## [Supplied material]
···

lemma cmod_index_le_vnorm: "j < dim_vec x \<Longrightarrow> cmod (x $ j) \<le> vnorm x"
  unfolding vnorm_eq_L2_set by (rule member_le_L2_set) auto

lemma vnorm_mult_mat_vec_le_entry_sum:
  assumes M: "M \<in> carrier_mat r c" and x: "x \<in> carrier_vec c"
  shows "vnorm (M *\<^sub>v x) \<le> (\<Sum>i<r. \<Sum>j<c. cmod (M $$ (i, j))) * vnorm x"
proof -
  have "vnorm (M *\<^sub>v x) \<le> (\<Sum>i<r. cmod ((M *\<^sub>v x) $ i))"
    using M unfolding vnorm_eq_L2_set by (simp del: index_mult_mat_vec add: L2_set_le_sum)
  also have "\<dots> \<le> (\<Sum>i<r. (\<Sum>j<c. cmod (M $$ (i, j))) * vnorm x)"
  proof (rule sum_mono)
    fix i assume "i \<in> {..<r}"
    then have "(M *\<^sub>v x) $ i = (\<Sum>j<c. M $$ (i, j) * x $ j)"
      using M x by (auto simp: scalar_prod_def lessThan_atLeast0)
    then have "cmod ((M *\<^sub>v x) $ i) \<le> (\<Sum>j<c. cmod (M $$ (i, j) * x $ j))"
      by (simp add: norm_sum)
    also have "\<dots> \<le> (\<Sum>j<c. cmod (M $$ (i, j)) * vnorm x)"
      using x by (auto intro!: sum_mono mult_left_mono cmod_index_le_vnorm simp: norm_mult)
    finally show "cmod ((M *\<^sub>v x) $ i) \<le> (\<Sum>j<c. cmod (M $$ (i, j))) * vnorm x"
      by (simp add: sum_distrib_right)
  qed
  also have "\<dots> = (\<Sum>i<r. \<Sum>j<c. cmod (M $$ (i, j))) * vnorm x"
    by (simp add: sum_distrib_right)
  finally show ?thesis .
qed

lemma cauchy_schwarz_two:
  fixes a x y :: real
  shows "a * x + y \<le> sqrt (1 + a\<^sup>2) * sqrt (x\<^sup>2 + y\<^sup>2)"
proof -
  have "(1 + a\<^sup>2) * (x\<^sup>2 + y\<^sup>2) - (a * x + y)\<^sup>2 = (x - a * y)\<^sup>2"
    by (simp add: power2_eq_square algebra_simps)
  then have "(a * x + y)\<^sup>2 \<le> (1 + a\<^sup>2) * (x\<^sup>2 + y\<^sup>2)"
    by (metis diff_ge_0_iff_ge zero_le_power2)
  then show ?thesis
    by (metis real_le_rsqrt real_sqrt_mult)
qed

section \<open>Spectral norm and smallest singular value\<close>

definition unit_image_norms :: "complex mat \<Rightarrow> real set" where
  "unit_image_norms X = {vnorm (X *\<^sub>v x) | x. x \<in> carrier_vec (dim_col X) \<and> vnorm x = 1}"

lemma spec_norm_eq_Sup: "spec_norm X = Sup (unit_image_norms X)"
  unfolding spec_norm_def unit_image_norms_def ..

lemma smin_eq_Inf: "smin X = Inf (unit_image_norms X)"
  unfolding smin_def unit_image_norms_def ..

lemma bdd_above_unit_image_norms: "bdd_above (unit_image_norms M)"
proof (rule bdd_aboveI)
  fix a assume "a \<in> unit_image_norms M"
  then obtain x where "x \<in> carrier_vec (dim_col M)" "vnorm x = 1" "a = vnorm (M *\<^sub>v x)"
    unfolding unit_image_norms_def by auto
  then show "a \<le> (\<Sum>i<dim_row M. \<Sum>j<dim_col M. cmod (M $$ (i, j)))"
    using vnorm_mult_mat_vec_le_entry_sum[of M "dim_row M" "dim_col M" x] by auto
qed

lemma bdd_below_unit_image_norms: "bdd_below (unit_image_norms M)"
  by (rule bdd_belowI[of _ 0]) (auto simp: unit_image_norms_def)

lemma unit_image_norms_nonempty: "0 < dim_col M \<Longrightarrow> unit_image_norms M \<noteq> {}"
  unfolding unit_image_norms_def using vnorm_unit_vec[of 0 "dim_col M"]
  by (auto intro!: exI[of _ "unit_vec (dim_col M) 0"])

lemma vnorm_ratio_mem_unit_image_norms:
  assumes M: "M \<in> carrier_mat r c" and x: "x \<in> carrier_vec c" and "vnorm x \<noteq> 0"
  shows "vnorm (M *\<^sub>v x) / vnorm x \<in> unit_image_norms M"
proof -
  let ?y = "(1 / complex_of_real (vnorm x)) \<cdot>\<^sub>v x"
  have "M *\<^sub>v ?y = (1 / complex_of_real (vnorm x)) \<cdot>\<^sub>v (M *\<^sub>v x)"
    using M x by (simp add: mult_mat_vec)
  then have "vnorm (M *\<^sub>v ?y) = vnorm (M *\<^sub>v x) / vnorm x"
    by (simp add: vnorm_smult norm_divide)
  moreover have "?y \<in> carrier_vec (dim_col M)" "vnorm ?y = 1"
    using M x \<open>vnorm x \<noteq> 0\<close> by (auto simp: vnorm_smult norm_divide)
  ultimately show ?thesis
    unfolding unit_image_norms_def by (metis (mono_tags, lifting) mem_Collect_eq)
qed
(* Let $n,p,m\in\mathbb N$ with $n\ge m\ge3$, let $\boldsymbol\varepsilon\sim\mathcal N_m(\mathbf0,\mathbf I)$, let $\mathbf a\in\mathbb R^m$ and suppose $0<\eta<pe^{-(n-m)-2}$. Then $$\mathbb P\Big(\mathbf a^T\boldsymbol\varepsilon/\|\boldsymbol\varepsilon\|_2>\sqrt{2\log(p/\eta)/n}\,\|\mathbf a\|_2\Big)\le\frac1p\cdot\frac{(1+r_m)\eta}{\sqrt{\pi\log(p/\eta)}},$$ where $(r_m)$ is a sequence depending only on $m$ with $r_m\to0$ as $m\to\infty$. *)

theory Defs
  imports "HOL-Probability.Probability"
begin

text \<open>Law of a standard Gaussian vector N_m(0, I) on R^m, vectors represented as
  functions nat \<Rightarrow> real with coordinates indexed by {..<m}: the m-fold product of
  the standard normal distribution on the real line.\<close>
definition std_gauss_vec :: "nat \<Rightarrow> (nat \<Rightarrow> real) measure" where
  "std_gauss_vec m = PiM {..<m} (\<lambda>_. density lborel std_normal_density)"

definition vnorm :: "nat \<Rightarrow> (nat \<Rightarrow> real) \<Rightarrow> real" where
  "vnorm m x = sqrt (\<Sum>i<m. (x i)\<^sup>2)"

definition vinner :: "nat \<Rightarrow> (nat \<Rightarrow> real) \<Rightarrow> (nat \<Rightarrow> real) \<Rightarrow> real" where
  "vinner m x y = (\<Sum>i<m. x i * y i)"

end

theory Submission
  imports Defs "HOL-Analysis.Harmonic_Numbers" "HOL-Real_Asymp.Real_Asymp"
begin

text \<open>By rotation invariance of \<open>N\<^sub>m(0, I)\<close>, the ratio \<open>a\<^sup>T\<epsilon> / \<parallel>\<epsilon>\<parallel>\<close> has the law of
  \<open>\<parallel>a\<parallel> x / sqrt (x\<^sup>2 + S)\<close>, where \<open>x\<close> is standard normal and \<open>S\<close> is an independent
  \<open>\<chi>\<^sup>2\<close> variable with \<open>k = m - 1\<close> degrees of freedom. Exceeding \<open>t \<parallel>a\<parallel>\<close> forces
  \<open>x > sqrt (c S)\<close> with \<open>c = t\<^sup>2 / (1 - t\<^sup>2)\<close>. Bounding this Gaussian tail by the Mills ratio
  for large \<open>S\<close> and by \<open>2 exp (- c S / 2)\<close> for small \<open>S\<close>, both bounds are exponential in \<open>S\<close>,
  and the moment generating function \<open>E exp (- \<beta> S) = (1 + 2 \<beta>) powr (- k / 2)\<close> turns them into
  \<open>(1 - t\<^sup>2) powr (k / 2)\<close> times explicit factors. For \<open>t\<^sup>2 = 2 log (p / \<eta>) / n\<close> the hypothesis
  on \<open>\<eta>\<close> gives \<open>(1 - t\<^sup>2) powr (k / 2) \<le> (\<eta> / p) sqrt (k / n)\<close>.\<close>

section \<open>Elementary inequalities\<close>

lemma ln_one_plus_ge:
  fixes x :: real assumes "0 \<le> x" shows "x - x\<^sup>2 / 2 \<le> ln (1 + x)"
proof -
  let ?f = "\<lambda>x::real. ln (1 + x) - (x - x\<^sup>2 / 2)"
  have "?f 0 \<le> ?f x"
  proof (rule DERIV_nonneg_imp_nondecreasing[OF assms])
    fix z :: real assume "0 \<le> z"
    then have "(?f has_real_derivative (1 / (1 + z) - (1 - z))) (at z)"
      by (auto intro!: derivative_eq_intros simp: power2_eq_square field_simps)
    moreover have "0 \<le> 1 / (1 + z) - (1 - z)"
      using \<open>0 \<le> z\<close> by (simp add: field_simps power2_eq_square)
    ultimately show "\<exists>d. (?f has_real_derivative d) (at z) \<and> 0 \<le> d" by blast
  qed
  then show ?thesis by simp
qed

lemma ln_one_minus_le:
  fixes y :: real assumes "0 \<le> y" "y < 1" shows "ln (1 - y) \<le> - y - y\<^sup>2 / 2"
proof -
  let ?f = "\<lambda>x::real. - x - x\<^sup>2 / 2 - ln (1 - x)"
  have "?f 0 \<le> ?f y"
  proof (rule DERIV_nonneg_imp_nondecreasing[OF assms(1)])
    fix z :: real assume "0 \<le> z" "z \<le> y"
    with assms have "z < 1" by simp
    then have "(?f has_real_derivative (-1 - z + 1 / (1 - z))) (at z)"
      by (auto intro!: derivative_eq_intros simp: power2_eq_square field_simps)
    moreover have "(1 + z) * (1 - z) \<le> 1" by (simp add: algebra_simps)
    then have "0 \<le> -1 - z + 1 / (1 - z)" using \<open>z < 1\<close> by (simp add: field_simps)
    ultimately show "\<exists>d. (?f has_real_derivative d) (at z) \<and> 0 \<le> d" by blast
  qed
  then show ?thesis by simp
qed

lemma half_mult_ln_one_minus_add_antimono:
  fixes k n L0 L :: real
  assumes k: "0 \<le> k" and n: "0 < n" and L: "L0 \<le> L" "2 * L < n"
    and L0: "0 < n - 2 * L0" "n - 2 * L0 \<le> k"
  shows "(k / 2) * ln (1 - 2 * L / n) + L \<le> (k / 2) * ln (1 - 2 * L0 / n) + L0"
proof -
  have "1 - 2 * L / n = (n - 2 * L) / n" "1 - 2 * L0 / n = (n - 2 * L0) / n"
    using n by (simp_all add: field_simps)
  then have "ln (1 - 2 * L / n) - ln (1 - 2 * L0 / n) = ln ((n - 2 * L) / (n - 2 * L0))"
    using n L L0 by (simp add: ln_div)
  also have "\<dots> \<le> (n - 2 * L) / (n - 2 * L0) - 1"
    using L L0 by (intro ln_le_minus_one) simp
  also have "\<dots> = - (2 * (L - L0) / (n - 2 * L0))" using L0 by (simp add: field_simps)
  finally have "(k / 2) * ln (1 - 2 * L / n) \<le> (k / 2) * (ln (1 - 2 * L0 / n) - 2 * (L - L0) / (n - 2 * L0))"
    using k by (intro mult_left_mono) auto
  also have "\<dots> = (k / 2) * ln (1 - 2 * L0 / n) - (L - L0) * (k / (n - 2 * L0))"
    using L0 by (simp add: field_simps)
  also have "\<dots> \<le> (k / 2) * ln (1 - 2 * L0 / n) - (L - L0)"
  proof -
    have "(L - L0) * 1 \<le> (L - L0) * (k / (n - 2 * L0))"
      using L L0 by (intro mult_left_mono) (simp_all add: field_simps)
    then show ?thesis by simp
  qed
  finally show ?thesis by simp
qed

···

## [Task details]
Everything above from the line containing "(X *\<^sub>v x)" down to the line containing "unfolding unit_image_norms_def by auto" is to be transcribed exactly, with both of those lines included and nothing else added.

## [Problem solution]
  "unit_image_norms X = {vnorm (X *\<^sub>v x) | x. x \<in> carrier_vec (dim_col X) \<and> vnorm x = 1}"

lemma spec_norm_eq_Sup: "spec_norm X = Sup (unit_image_norms X)"
  unfolding spec_norm_def unit_image_norms_def ..

lemma smin_eq_Inf: "smin X = Inf (unit_image_norms X)"
  unfolding smin_def unit_image_norms_def ..

lemma bdd_above_unit_image_norms: "bdd_above (unit_image_norms M)"
proof (rule bdd_aboveI)
  fix a assume "a \<in> unit_image_norms M"
  then obtain x where "x \<in> carrier_vec (dim_col M)" "vnorm x = 1" "a = vnorm (M *\<^sub>v x)"
    unfolding unit_image_norms_def by auto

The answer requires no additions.